FireStats is not installed in the database
Laryngitis homøopatiske midler køb propecia edderkop bid retsmidler

Jay McClelland’s developmental model of Baby Vowel Learning

Author:nick @ July 26th, 2007 1 Comment

Article (Scientific American)

A few things surprise me about the model as reported. While Jay argues that a feature of his model is that each sound is heard in isolation, sequentially (rather than batch way), it is unfortunate that he has manually done the job of chopping up vowels into discrete events: He is doing a lot of hand segmenting and preprocessing to get examples, it seems. While “motherese” may help to emphasize vowels and make them easier for a baby to segment, babies’ brains still face a continuous audio stream to make sense of.

I want to preface the following remarks with the caveat that Jay’s paper is not yet published, and I am reacting merely to its simplified description in SciAm:

It is known that English vowels are fairly easy to cluster on the first and second formant. Before attempting to have a computer solve the problem, it seems that Jay transformed rich real world data into a problem that is known to be easy for computers to solve.

I feel like an alternative approach that would better push the boundaries of our knowledge of development would be to tackle the hard problem of going from continuous, real-time, highly variable, real-world sensory data to very clean, distinct vowel representations. How difficult is this problem? How much easier does “motherese” make it? Does the benefit of motherese come more from exaggerated sounds, or exaggerated lip movements?
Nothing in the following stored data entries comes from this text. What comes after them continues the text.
(* Let $a>0$. Hurwitz's zeta function satisfies: (a) $\zeta(0,a)=\frac12-a$. (b) $\zeta(-1,a)=\frac{a-a^2}{2}-\frac1{12}$. (c) For every integer $k\ge0$ and every complex $s\ne1$ with $\mathrm{Re}\,s>-(k+2)$, $$\zeta(s,a)=\frac{a^{1-s}}{s-1}+\frac12a^{-s}+\sum_{j=1}^{k+1}s(s+1)\cdots(s+j-1)\,q_j(1)\,a^{-s-j}+s(s+1)\cdots(s+k+2)\int_0^1p_{k+2}(x)\,\zeta(s+k+3,x+a)\,dx.$$ (d) For every integer $k\ge2$, $\zeta(-k,a)=-\frac{a^{k+1}}{k+1}+\frac12a^k+\sum_{j=1}^{k}(-1)^jq_j(1)\frac{k!}{(k-j)!}a^{k-j}$. (e) For every integer $k\ge0$ and every complex $s\ne1$ with $\mathrm{Re}\,s>-(k+2)$, $$\zeta(s)=\frac1{s-1}+\frac12+\sum_{j=1}^{k+1}s(s+1)\cdots(s+j-1)\,q_j(1)+s(s+1)\cdots(s+k+2)\int_0^1p_{k+2}(x)\,\zeta(s+k+3,x+1)\,dx.$$ (f) For every integer $k\ge0$, $$\zeta'(-k)=-\frac1{(k+1)^2}+\sum_{j=1}^{k}(-1)^{j+1}\frac{k!}{(k-j)!}q_j(1)\big[H_k-H_{k-j}\big]+(-1)^kk!\int_0^1p_{k+1}(x)\,\zeta(2,x+1)\,dx.$$ (g) $\zeta'(0)=-1+\int_0^1p_1(x)\,\zeta(2,x+1)\,dx$.
   Context: $\zeta(s,a)=\sum_{m=0}^\infty(m+a)^{-s}$ for $\mathrm{Re}\,s>1$, $a>0$, extended by analytic continuation in $s$ to $\mathbb C\setminus\{1\}$; $\zeta(s)=\zeta(s,1)$ is the Riemann zeta function and $\zeta'$ its derivative. The polynomials $p_j,q_j$ ($j\ge1$) are defined recursively by $p_1(x)=\frac{x-x^2}{2}$, $q_j(x)=\int_0^xp_j(t)\,dt$, and $p_{j+1}(x)=q_j(x)-x\,q_j(1)$. $H_n=\sum_{i=1}^n\frac1i$ is the $n$-th harmonic number, with $H_0=0$. *)

theory Defs
  imports "HOL-Complex_Analysis.Complex_Analysis"
begin

definition hurwitz_zeta :: "complex \<Rightarrow> real \<Rightarrow> complex" where
  "hurwitz_zeta s a =
     (SOME f. f holomorphic_on (- {1}) \<and>
        (\<forall>z. Re z > 1 \<longrightarrow> f z = (\<Sum>m. 1 / (complex_of_real (real m + a)) powr z))) s"

definition riemann_zeta :: "complex \<Rightarrow> complex" where
  "riemann_zeta s = hurwitz_zeta s 1"
lemma sector_start_in_H': "h \<in> H'"
  using sector_in_H'[of 0] by simp

lemma sector_last_in_H': "(\<sigma> ^^ r) h \<in> H'"
  using sector_in_H' by simp

lemma sector_end_notin_H': "(\<sigma> ^^ Suc r) h \<notin> H'"
  using maximal unfolding maximal_sector_def sector_def by simp

lemma sector_pred_notin_H': "inv \<sigma> h \<notin> H'"
  using maximal unfolding maximal_sector_def by simp

lemma sigma_sector_pred: "\<sigma> (inv \<sigma> h) = h"
  using permutes_inverses(1)[OF sigma_permutes] .

lemma iota_sector_end_notin_H': "\<iota> ((\<sigma> ^^ Suc r) h) \<notin> H'"
proof
  have "h \<in> H"
    using sector_start_in_H' H'_subset by auto
  then have "(\<sigma> ^^ Suc r) h \<in> H"
    using permutes_in_funpow_image[OF sigma_permutes] by blast
  then have "\<iota> (\<iota> ((\<sigma> ^^ Suc r) h)) = (\<sigma> ^^ Suc r) h"
    using brauer unfolding brauer_graph_def by blast
  moreover assume "\<iota> ((\<sigma> ^^ Suc r) h) \<in> H'"
  ultimately show False
    using iota_H' sector_end_notin_H' by (metis image_subset_iff)
qed

lemma kauer_perm_apply_H':
  assumes "y \<in> H'" and "y \<noteq> (\<sigma> ^^ r) h"
  shows "kauer_perm \<iota> \<sigma> (h, r) y = \<sigma> y"
proof -
  have "y \<noteq> \<iota> ((\<sigma> ^^ Suc r) h)"
    using assms(1) iota_sector_end_notin_H' by blast
  moreover have "\<sigma> y \<noteq> h"
    using assms(1) sector_pred_notin_H' sigma_sector_pred inj_sigma by (metis injD)
  moreover have "\<sigma> y \<noteq> (\<sigma> ^^ Suc r) h"
    using assms(2) inj_sigma by (auto dest: injD)
  ultimately show ?thesis
    using assms(2) by (simp add: kauer_perm_def)
qed

end
(* Suppose that $f_1(\Delta)\geq f_1(S(1,d,n))$ holds for all $d,n$ and all $\Delta\in\mathcal{HS}(1,d,n)$. Then $f_k(\Delta)\geq f_k(S(1,d,n))$ holds for all $d,n,k$ and all $\Delta\in\mathcal{HS}(1,d,n)$.
   Context: $f_j(\Delta)$ is the number of $j$-dimensional faces of a simplicial complex $\Delta$. A $d$-dimensional simplicial complex $\Delta$ is a homology $d$-sphere if for every face $F\in\Delta$ (including $F=\emptyset$) and every $j\geq 0$, $\tilde H_j(\mathrm{lk}(F,\Delta);\mathbb{Z})\cong\tilde H_j(S^{d-|F|};\mathbb{Z})$, where $\mathrm{lk}(F,\Delta)=\{T\in\Delta:T\cap F=\emptyset, T\cup F\in\Delta\}$ and $S^m$ is the $m$-sphere. A set $F$ of vertices is a missing face of $\Delta$ if $F\notin\Delta$ but all proper subsets of $F$ lie in $\Delta$; its dimension is $|F|-1$. $\mathcal{HS}(i,d,n)$ is the family of homology $d$-spheres with $n$ vertices and no missing faces of dimension $>i$; thus $\mathcal{HS}(1,d,n)$ consists of flag homology $d$-spheres with $n$ vertices. For $n=2d+2$, $S(1,d,n)$ is the join of $d+1$ copies of the $0$-sphere $\partial\sigma^1$ (two points), i.e. the boundary of the $(d+1)$-dimensional crosspolytope; for $n>2d+2$, $S(1,d,n)$ is the join of $d-1$ copies of $\partial\sigma^1$ with the cycle on $n-2(d-1)$ vertices (equivalently, the $(d-1)$-fold suspension of an $(n-2d+2)$-gon). (Flag homology $d$-spheres have at least $2d+2$ vertices.) *)

theory Defs
  imports "HOL-Algebra.Algebra"
begin

definition simplicial_complex :: "nat set set \<Rightarrow> bool" where
  "simplicial_complex K \<longleftrightarrow> finite K \<and> K \<noteq> {} \<and> (\<forall>F\<in>K. finite F)
     \<and> (\<forall>F\<in>K. \<forall>G. G \<subseteq> F \<longrightarrow> G \<in> K)"

definition vertices :: "nat set set \<Rightarrow> nat set" where
  "vertices K = \<Union>K"

text \<open>Number of j-dimensional faces (faces with j+1 vertices).\<close>
definition fvec :: "nat set set \<Rightarrow> nat \<Rightarrow> nat" where
  "fvec K j = card {F\<in>K. card F = j + 1}"

definition has_dim :: "nat set set \<Rightarrow> nat \<Rightarrow> bool" where
  "has_dim K d \<longleftrightarrow> (\<exists>F\<in>K. card F = d + 1) \<and> (\<forall>F\<in>K. card F \<le> d + 1)"

definition link :: "nat set \<Rightarrow> nat set set \<Rightarrow> nat set set" where
  "link F K = {T\<in>K. T \<inter> F = {} \<and> T \<union> F \<in> K}"

definition missing_face :: "nat set set \<Rightarrow> nat set \<Rightarrow> bool" where
  "missing_face K F \<longleftrightarrow> F \<notin> K \<and> (\<forall>G. G \<subset> F \<longrightarrow> G \<in> K)"

text \<open>Chains of faces with q vertices (degree q-1; q = 0 is the empty face,
  giving the augmented complex and hence reduced homology). Orientation is induced
  by the order on nat.\<close>
definition chains :: "nat set set \<Rightarrow> nat \<Rightarrow> (nat set \<Rightarrow> int) set" where
  "chains K q = {c. \<forall>G. c G \<noteq> 0 \<longrightarrow> G \<in> K \<and> card G = q}"

definition bd :: "nat set set \<Rightarrow> (nat set \<Rightarrow> int) \<Rightarrow> (nat set \<Rightarrow> int)" where
  "bd K c = (\<lambda>G. \<Sum>v\<in>{v. v \<notin> G \<and> insert v G \<in> K}.
                 (-1) ^ card {u\<in>G. u < v} * c (insert v G))"

definition chain_group :: "nat set set \<Rightarrow> nat \<Rightarrow> (nat set \<Rightarrow> int) monoid" where
  "chain_group K q = \<lparr>carrier = chains K q, monoid.mult = (\<lambda>a b G. a G + b G),
                      one = (\<lambda>G. 0)\<rparr>"

definition cycles :: "nat set set \<Rightarrow> nat \<Rightarrow> (nat set \<Rightarrow> int) set" where
  "cycles K q = {c \<in> chains K q. bd K c = (\<lambda>G. 0)}"

definition boundaries :: "nat set set \<Rightarrow> nat \<Rightarrow> (nat set \<Rightarrow> int) set" where
  "boundaries K q = bd K ` chains K (Suc q)"

text \<open>Reduced homology group \<open>H~_j(K;Z)\<close>, j \<ge> 0 a natural number: cycles on faces with
  j+1 vertices modulo boundaries.\<close>
definition red_homology :: "nat set set \<Rightarrow> nat \<Rightarrow> (nat set \<Rightarrow> int) set monoid" where
  "red_homology K j =
     subgroup_generated (chain_group K (j+1)) (cycles K (j+1)) Mod boundaries K (j+1)"

text \<open>\<open>H~_j(S^m;Z)\<close> is Z for j = m and 0 otherwise (m \<ge> -1 an integer).\<close>
definition homology_like_sphere :: "(nat set \<Rightarrow> int) set monoid \<Rightarrow> nat \<Rightarrow> int \<Rightarrow> bool" where
  "homology_like_sphere H j m \<longleftrightarrow> (if int j = m then H \<cong> integer_group else trivial_group H)"

definition homology_sphere :: "nat set set \<Rightarrow> nat \<Rightarrow> bool" where
  "homology_sphere K d \<longleftrightarrow> simplicial_complex K \<and> has_dim K d \<and>
     (\<forall>F\<in>K. \<forall>j::nat. homology_like_sphere (red_homology (link F K) j) j (int d - int (card F)))"

definition HS :: "nat \<Rightarrow> nat \<Rightarrow> nat \<Rightarrow> nat set set set" where
  "HS i d n = {K. homology_sphere K d \<and> card (vertices K) = n \<and>
                  (\<forall>F. missing_face K F \<longrightarrow> card F \<le> i + 1)}"

definition join :: "nat set set \<Rightarrow> nat set set \<Rightarrow> nat set set" where
  "join K L = {S \<union> T | S T. S \<in> K \<and> T \<in> L}"

definition zero_sphere :: "nat \<Rightarrow> nat \<Rightarrow> nat set set" where
  "zero_sphere a b = {{}, {a}, {b}}"

fun cross :: "nat \<Rightarrow> nat set set" where
  "cross 0 = {{}}"
| "cross (Suc m) = join (cross m) (zero_sphere (2*m) (2*m+1))"

text \<open>Cycle on the m vertices a, a+1, ..., a+m-1 (m \<ge> 3).\<close>
definition cycle_cx :: "nat \<Rightarrow> nat \<Rightarrow> nat set set" where
  "cycle_cx a m = {{}} \<union> {{a+i} | i. i < m} \<union> {{a+i, a + (Suc i mod m)} | i. i < m}"

definition S1 :: "nat \<Rightarrow> nat \<Rightarrow> nat set set" where
  "S1 d n = (if n \<le> 2*d+2 then cross (d+1)
             else join (cross (d-1)) (cycle_cx (2*(d-1)) (n - 2*(d-1))))"

end

theory Submission
  imports Defs
begin

(* Proposition 3.2.  Let nfaces K m count the faces of K with m vertices (so f_k = nfaces (k+1))
   and let S1_bound m say that nfaces (S1 d n) m <= nfaces K m for every K in HS(1,d,n).  The
   hypothesis is S1_bound 2; we prove S1_bound (k+1) for all k by induction.
   - S1_bound 1: both sides count vertices once n >= 2d+2.  The edge hypothesis forces this
     (for smaller n, S1 d n is a crosspolytope with more edges than the complete graph on
     n vertices), and for d = 0 it follows from the homology of a 0-sphere.
   - S1_bound (i+2) implies S1_bound (i+3): vertex links of a flag homology d-sphere are flag
     homology (d-1)-spheres, and the face numbers of S1 (d-1) n_v are affine in n_v.  Summing
     the bound over the vertices, double counting turns the right side into (i+3) nfaces K (i+3)
     and the left side into an affine function of sum_v n_v = 2 f_1(K) >= 2 f_1(S1 d n); a
     binomial identity identifies the result with (i+3) nfaces (S1 d n) (i+3). *)

section \<open>Simplicial complexes and links\<close>

lemma sc_empty: "simplicial_complex K \<Longrightarrow> {} \<in> K"
  unfolding simplicial_complex_def by blast

lemma sc_down: "simplicial_complex K \<Longrightarrow> F \<in> K \<Longrightarrow> G \<subseteq> F \<Longrightarrow> G \<in> K"
  unfolding simplicial_complex_def by blast

lemma sc_finite_face: "simplicial_complex K \<Longrightarrow> F \<in> K \<Longrightarrow> finite F"
  unfolding simplicial_complex_def by blast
This last is a very interesting question; it is easy to come up with a model that you think answers the question — indeed it’s easy to come up with different models that will yield different answers — but it is much harder to demonstrate it on actual sound and video data of mothers speaking naturally to their infants.

It feels like the current study eschews these important questions, choosing instead to demonstrate that the general problem of clustering discrete data points can be done in an online, “neurally plausible” fashion. Surely this has been demonstrated many times before?

As a minor point, it’s strange to me that the first two dominant frequencies are presented. American vowels are clustered fairly nicely on the second and third frequencies, while the first frequency (the funadmental) corresponds to voice pitch, which is irrelevant and averages out across speakers. Perhaps this is a confusion in the SciAm article, since these frequencies are often referred to as F0, F1, and F2.